- Required action
Please print the entries below exactly, from the line with "then obtain u" through the line with "(\<exists>ps. induced_path E ps \<and> set", including both of those lines and leaving out all others.

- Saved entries
lemma nbhd_indices_no_inner_isolated:
  assumes "graph V E" "claw_free V E" "induced_path E ps" "set ps \<subseteq> V" "j \<in> V" "j \<notin> set ps"
  defines "S \<equiv> nbhd_indices E ps j"
  shows "\<forall>i\<in>S. 0 < i \<longrightarrow> i + 1 < length ps \<longrightarrow> i - 1 \<in> S \<or> i + 1 \<in> S"
proof (intro ballI impI)
  fix i assume i: "i \<in> S" "0 < i" "i + 1 < length ps"
  have "ps ! (i - 1) \<in> set ps" "ps ! i \<in> set ps" "ps ! (i + 1) \<in> set ps"
    using i(3) by simp_all
  moreover have "ps ! (i - 1) \<noteq> ps ! (i + 1)"
    using i(3) induced_path_distinct[OF assms(3)] by (simp add: nth_eq_iff_index_eq)
  moreover have "E (ps ! i) j"
    using i(1) graph_sym[OF assms(1)] by (simp add: S_def nbhd_indices_def)
  ultimately have "E j (ps ! (i - 1)) \<or> E j (ps ! (i + 1)) \<or> E (ps ! (i - 1)) (ps ! (i + 1))"
    using assms(4-6) induced_path_adj_iff[OF assms(3), of i] i(2,3)
    by (intro claw_freeD[OF assms(2), of "ps ! i"]) auto
  then show "i - 1 \<in> S \<or> i + 1 \<in> S"
    using i(2,3) induced_path_adj_iff[OF assms(3), of "i - 1" "i + 1"] by (auto simp: S_def nbhd_indices_def)
qed

lemma nbhd_in_induced_hole_has_neighbour:
  assumes "graph V E" "claw_free V E" "induced_hole E cs" "set cs \<subseteq> V" "j \<in> V" "j \<notin> set cs"
    and v: "v \<in> nbhd_in E (set cs) j"
  shows "\<exists>u\<in>nbhd_in E (set cs) j. E v u"
proof -
  have "v \<in> set cs"
    using v by (simp add: nbhd_in_def)
  then obtain u w where uw: "nbhd_in E (set cs) v = {u, w}" "u \<noteq> w" "\<not> E u w"
    using nbhd_in_induced_hole[OF assms(3)] by metis
  then have "u \<in> set cs" "w \<in> set cs" "E v u" "E v w"
    by (auto simp: nbhd_in_def set_eq_iff)
  moreover have "E v j"
    using v graph_sym[OF assms(1)] by (simp add: nbhd_in_def)
  ultimately have "E j u \<or> E j w \<or> E u w"
    using assms(4-6) \<open>v \<in> set cs\<close> uw(2) by (intro claw_freeD[OF assms(2), of v]) auto
  then show ?thesis
    using uw(3) \<open>E v u\<close> \<open>E v w\<close> \<open>u \<in> set cs\<close> \<open>w \<in> set cs\<close> by (auto simp: nbhd_in_def)
qed

lemma nbhd_in_induced_path_cases:
  assumes "graph V E" "claw_free V E" "induced_path E ps" "set ps = L" "L \<subseteq> V" "j \<in> V - L"
  defines "N \<equiv> nbhd_in E L j"
  shows "N = {}
    \<or> (card N = 2 \<and> (\<exists>a b. N = {a, b} \<and> E a b))
    \<or> (card N = 4 \<and>
        ((\<exists>a b c d. N = {a, b, c, d} \<and> distinct [a, b, c, d] \<and> E a b \<and> E c d \<and>
            \<not> E a c \<and> \<not> E a d \<and> \<not> E b c \<and> \<not> E b d)
         \<or> (\<exists>ps. induced_path E ps \<and> length ps = 4 \<and> set ps = N)))
    \<or> (\<exists>ps. induced_path E ps \<and> set ps = L \<and> length ps \<ge> 2 \<and> N = {hd ps, last ps})
    \<or> (card N = 3 \<and> (\<exists>ps. induced_path E ps \<and> length ps = 3 \<and> set ps = N)
        \<and> (\<forall>v\<in>N. card (nbhd_in E L v) = 2))
    \<or> (\<exists>e. path_endpoint E L e \<and> N = {e})
    \<or> (\<exists>e x y. path_endpoint E L e \<and> x \<in> L \<and> y \<in> L \<and> E x y \<and> N = {e, x, y})"
proof -
  let ?n = "length ps" and ?S = "nbhd_indices E ps j"
  have N: "N = (!) ps ` ?S"
    unfolding N_def assms(4)[symmetric] by (rule nbhd_in_eq_image_nbhd_indices)
  have S_sub: "?S \<subseteq> {..<?n}"
    by (rule nbhd_indices_subset)
  have endpoints: "path_endpoint E L (ps ! 0)" "path_endpoint E L (ps ! (?n - 1))"
    using induced_path_endpoints[OF assms(3)] assms(4) by simp_all
  have edge: "ps ! a \<in> L" "ps ! (a + 1) \<in> L" "E (ps ! a) (ps ! (a + 1))" if "a + 1 < ?n" for a
    using that assms(4) induced_path_adj_iff[OF assms(3), of a "a + 1"] by auto
  have ps_V: "set ps \<subseteq> V" and j_outside: "j \<in> V" "j \<notin> set ps"
    using assms(4-6) by auto
  from S_sub nbhd_indices_no_gapped_triple[OF assms(2,3) ps_V j_outside(1)]
    nbhd_indices_no_inner_isolated[OF assms(1-3) ps_V j_outside]
  show ?thesis
  proof (cases rule: no_gapped_triple_cases)
    case empty
    then show ?thesis
      using N by simp
  next
    case (endpoint a)
    then have "\<exists>e. path_endpoint E L e \<and> N = {e}"
      using N endpoints by auto
    then show ?thesis by blast
  next
    case (pair a)
    then have "card N = 2 \<and> (\<exists>a b. N = {a, b} \<and> E a b)"
      using N S_sub induced_path_consecutive_pair[OF assms(3), of a] by auto
    then show ?thesis by blast
  next
    case both_ends
    then have "N = {hd ps, last ps}"
      using N assms(3) by (simp add: induced_path_def hd_conv_nth last_conv_nth)
    then have "\<exists>ps. induced_path E ps \<and> set ps = L \<and> length ps \<ge> 2 \<and> N = {hd ps, last ps}"
      using both_ends assms(3,4) by auto
    then show ?thesis by blast
  next
    case (triple a)
    then have "a + 2 < ?n"
      using S_sub by auto
    from induced_path_consecutive_triple_cases[OF assms(3) this]
    show ?thesis
      unfolding N triple assms(4) by (elim disjE) blast+
  next
    case (first_and_pair a)
    then have "\<exists>e x y. path_endpoint E L e \<and> x \<in> L \<and> y \<in> L \<and> E x y \<and> N = {e, x, y}"
      using N S_sub endpoints(1) edge[of a] by auto
    then show ?thesis by blast
  next
    case (pair_and_last a)
    then have "\<exists>e x y. path_endpoint E L e \<and> x \<in> L \<and> y \<in> L \<and> E x y \<and> N = {e, x, y}"
      using N endpoints(2) edge[of a] by auto
    then show ?thesis by blast
  next
    case (quadruple a)
    then have "card N = 4 \<and> (\<exists>ps. induced_path E ps \<and> length ps = 4 \<and> set ps = N)"
      using N S_sub induced_path_consecutive_quadruple[OF assms(3), of a] by auto
    then show ?thesis by blast
  next
    case (two_pairs a b)
    then have "card N = 4 \<and> (\<exists>a b c d. N = {a, b, c, d} \<and> distinct [a, b, c, d] \<and> E a b \<and> E c d \<and>
            \<not> E a c \<and> \<not> E a d \<and> \<not> E b c \<and> \<not> E b d)"
      using N S_sub induced_path_two_distant_pairs[OF assms(3), of a b] by auto
    then show ?thesis by blast
  qed
qed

- The completed task
  then obtain u w where uw: "nbhd_in E (set cs) v = {u, w}" "u \<noteq> w" "\<not> E u w"
    using nbhd_in_induced_hole[OF assms(3)] by metis
  then have "u \<in> set cs" "w \<in> set cs" "E v u" "E v w"
    by (auto simp: nbhd_in_def set_eq_iff)
  moreover have "E v j"
    using v graph_sym[OF assms(1)] by (simp add: nbhd_in_def)
  ultimately have "E j u \<or> E j w \<or> E u w"
    using assms(4-6) \<open>v \<in> set cs\<close> uw(2) by (intro claw_freeD[OF assms(2), of v]) auto
  then show ?thesis
    using uw(3) \<open>E v u\<close> \<open>E v w\<close> \<open>u \<in> set cs\<close> \<open>w \<in> set cs\<close> by (auto simp: nbhd_in_def)
qed

lemma nbhd_in_induced_path_cases:
  assumes "graph V E" "claw_free V E" "induced_path E ps" "set ps = L" "L \<subseteq> V" "j \<in> V - L"
  defines "N \<equiv> nbhd_in E L j"
  shows "N = {}
    \<or> (card N = 2 \<and> (\<exists>a b. N = {a, b} \<and> E a b))
    \<or> (card N = 4 \<and>
        ((\<exists>a b c d. N = {a, b, c, d} \<and> distinct [a, b, c, d] \<and> E a b \<and> E c d \<and>
            \<not> E a c \<and> \<not> E a d \<and> \<not> E b c \<and> \<not> E b d)
         \<or> (\<exists>ps. induced_path E ps \<and> length ps = 4 \<and> set ps = N)))
    \<or> (\<exists>ps. induced_path E ps \<and> set ps = L \<and> length ps \<ge> 2 \<and> N = {hd ps, last ps})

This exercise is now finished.